Your instructions: Report each line of the material below where the word "close" can be found.
*** Opening Recorded data ***
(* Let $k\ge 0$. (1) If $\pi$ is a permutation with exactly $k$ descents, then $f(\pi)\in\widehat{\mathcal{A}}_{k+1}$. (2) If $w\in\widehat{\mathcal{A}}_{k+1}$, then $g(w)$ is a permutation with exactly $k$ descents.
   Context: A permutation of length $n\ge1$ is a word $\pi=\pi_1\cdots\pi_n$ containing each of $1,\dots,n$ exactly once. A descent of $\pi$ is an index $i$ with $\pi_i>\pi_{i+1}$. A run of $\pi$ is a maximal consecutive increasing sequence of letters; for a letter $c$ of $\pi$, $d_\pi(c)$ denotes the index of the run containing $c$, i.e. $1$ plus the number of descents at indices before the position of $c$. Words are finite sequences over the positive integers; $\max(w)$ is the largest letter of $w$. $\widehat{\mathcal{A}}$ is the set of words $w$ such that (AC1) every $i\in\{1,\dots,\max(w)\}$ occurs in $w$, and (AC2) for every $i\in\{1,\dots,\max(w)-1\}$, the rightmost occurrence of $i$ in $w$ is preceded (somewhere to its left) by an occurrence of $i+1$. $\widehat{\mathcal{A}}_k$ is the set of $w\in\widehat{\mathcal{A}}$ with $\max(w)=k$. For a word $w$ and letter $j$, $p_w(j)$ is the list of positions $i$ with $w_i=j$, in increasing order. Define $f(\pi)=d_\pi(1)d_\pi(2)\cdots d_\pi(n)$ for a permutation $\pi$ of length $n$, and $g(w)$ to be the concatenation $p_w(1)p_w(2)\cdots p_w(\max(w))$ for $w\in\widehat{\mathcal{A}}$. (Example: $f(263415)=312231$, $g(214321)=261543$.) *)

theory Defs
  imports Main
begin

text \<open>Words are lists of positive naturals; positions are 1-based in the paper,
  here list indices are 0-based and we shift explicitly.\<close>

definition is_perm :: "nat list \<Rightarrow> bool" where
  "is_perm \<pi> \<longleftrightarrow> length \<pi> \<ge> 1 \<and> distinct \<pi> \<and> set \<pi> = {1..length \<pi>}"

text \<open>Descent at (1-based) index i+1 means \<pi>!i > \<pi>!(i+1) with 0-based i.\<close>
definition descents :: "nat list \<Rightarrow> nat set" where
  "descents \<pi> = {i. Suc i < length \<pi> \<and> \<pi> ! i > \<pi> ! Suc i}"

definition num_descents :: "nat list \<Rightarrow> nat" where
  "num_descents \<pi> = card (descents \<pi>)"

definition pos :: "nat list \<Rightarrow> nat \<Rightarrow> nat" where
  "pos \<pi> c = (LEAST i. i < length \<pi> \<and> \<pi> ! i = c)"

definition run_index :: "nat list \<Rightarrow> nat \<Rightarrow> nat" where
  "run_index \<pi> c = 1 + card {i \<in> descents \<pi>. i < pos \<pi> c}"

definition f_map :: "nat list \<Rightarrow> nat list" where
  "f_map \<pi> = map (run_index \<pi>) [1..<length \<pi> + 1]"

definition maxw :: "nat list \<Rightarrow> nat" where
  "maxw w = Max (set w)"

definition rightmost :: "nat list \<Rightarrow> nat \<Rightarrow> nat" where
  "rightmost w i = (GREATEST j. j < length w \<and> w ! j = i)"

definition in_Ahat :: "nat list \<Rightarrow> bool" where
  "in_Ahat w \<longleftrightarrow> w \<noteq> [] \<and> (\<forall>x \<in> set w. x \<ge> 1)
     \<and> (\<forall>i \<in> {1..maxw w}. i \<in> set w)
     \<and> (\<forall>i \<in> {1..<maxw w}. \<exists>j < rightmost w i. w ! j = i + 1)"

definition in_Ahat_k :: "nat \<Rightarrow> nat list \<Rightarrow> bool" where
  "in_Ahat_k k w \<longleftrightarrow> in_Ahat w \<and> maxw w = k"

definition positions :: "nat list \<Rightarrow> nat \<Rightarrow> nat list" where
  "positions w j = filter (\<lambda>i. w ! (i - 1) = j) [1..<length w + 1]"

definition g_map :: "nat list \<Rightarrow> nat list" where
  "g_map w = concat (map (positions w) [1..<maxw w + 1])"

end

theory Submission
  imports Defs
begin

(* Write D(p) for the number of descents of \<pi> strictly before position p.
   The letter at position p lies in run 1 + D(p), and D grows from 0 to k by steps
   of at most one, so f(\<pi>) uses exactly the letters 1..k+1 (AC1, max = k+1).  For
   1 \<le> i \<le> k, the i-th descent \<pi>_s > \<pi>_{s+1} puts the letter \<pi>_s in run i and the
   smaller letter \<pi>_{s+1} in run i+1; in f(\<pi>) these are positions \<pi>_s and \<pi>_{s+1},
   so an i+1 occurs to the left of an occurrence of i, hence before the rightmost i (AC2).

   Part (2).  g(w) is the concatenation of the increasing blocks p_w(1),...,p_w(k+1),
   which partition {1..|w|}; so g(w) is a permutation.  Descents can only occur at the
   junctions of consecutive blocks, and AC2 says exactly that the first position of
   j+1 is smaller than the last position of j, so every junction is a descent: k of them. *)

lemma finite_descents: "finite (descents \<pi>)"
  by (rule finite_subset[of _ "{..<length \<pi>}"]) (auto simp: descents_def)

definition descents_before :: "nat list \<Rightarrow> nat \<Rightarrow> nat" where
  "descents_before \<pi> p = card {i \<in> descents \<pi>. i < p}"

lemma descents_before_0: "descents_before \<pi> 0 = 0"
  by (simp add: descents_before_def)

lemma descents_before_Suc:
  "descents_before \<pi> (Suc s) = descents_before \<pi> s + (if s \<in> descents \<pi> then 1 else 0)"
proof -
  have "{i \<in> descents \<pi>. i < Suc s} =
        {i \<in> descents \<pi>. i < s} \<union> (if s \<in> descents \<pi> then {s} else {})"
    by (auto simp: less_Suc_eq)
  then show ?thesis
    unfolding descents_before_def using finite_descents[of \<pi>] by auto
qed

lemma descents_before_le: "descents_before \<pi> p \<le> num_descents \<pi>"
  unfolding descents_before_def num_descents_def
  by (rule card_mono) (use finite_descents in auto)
*** Closing Recorded data ***
Answer section:
  here list indices are 0-based and we shift explicitly.\<close>
text \<open>Descent at (1-based) index i+1 means \<pi>!i > \<pi>!(i+1) with 0-based i.\<close>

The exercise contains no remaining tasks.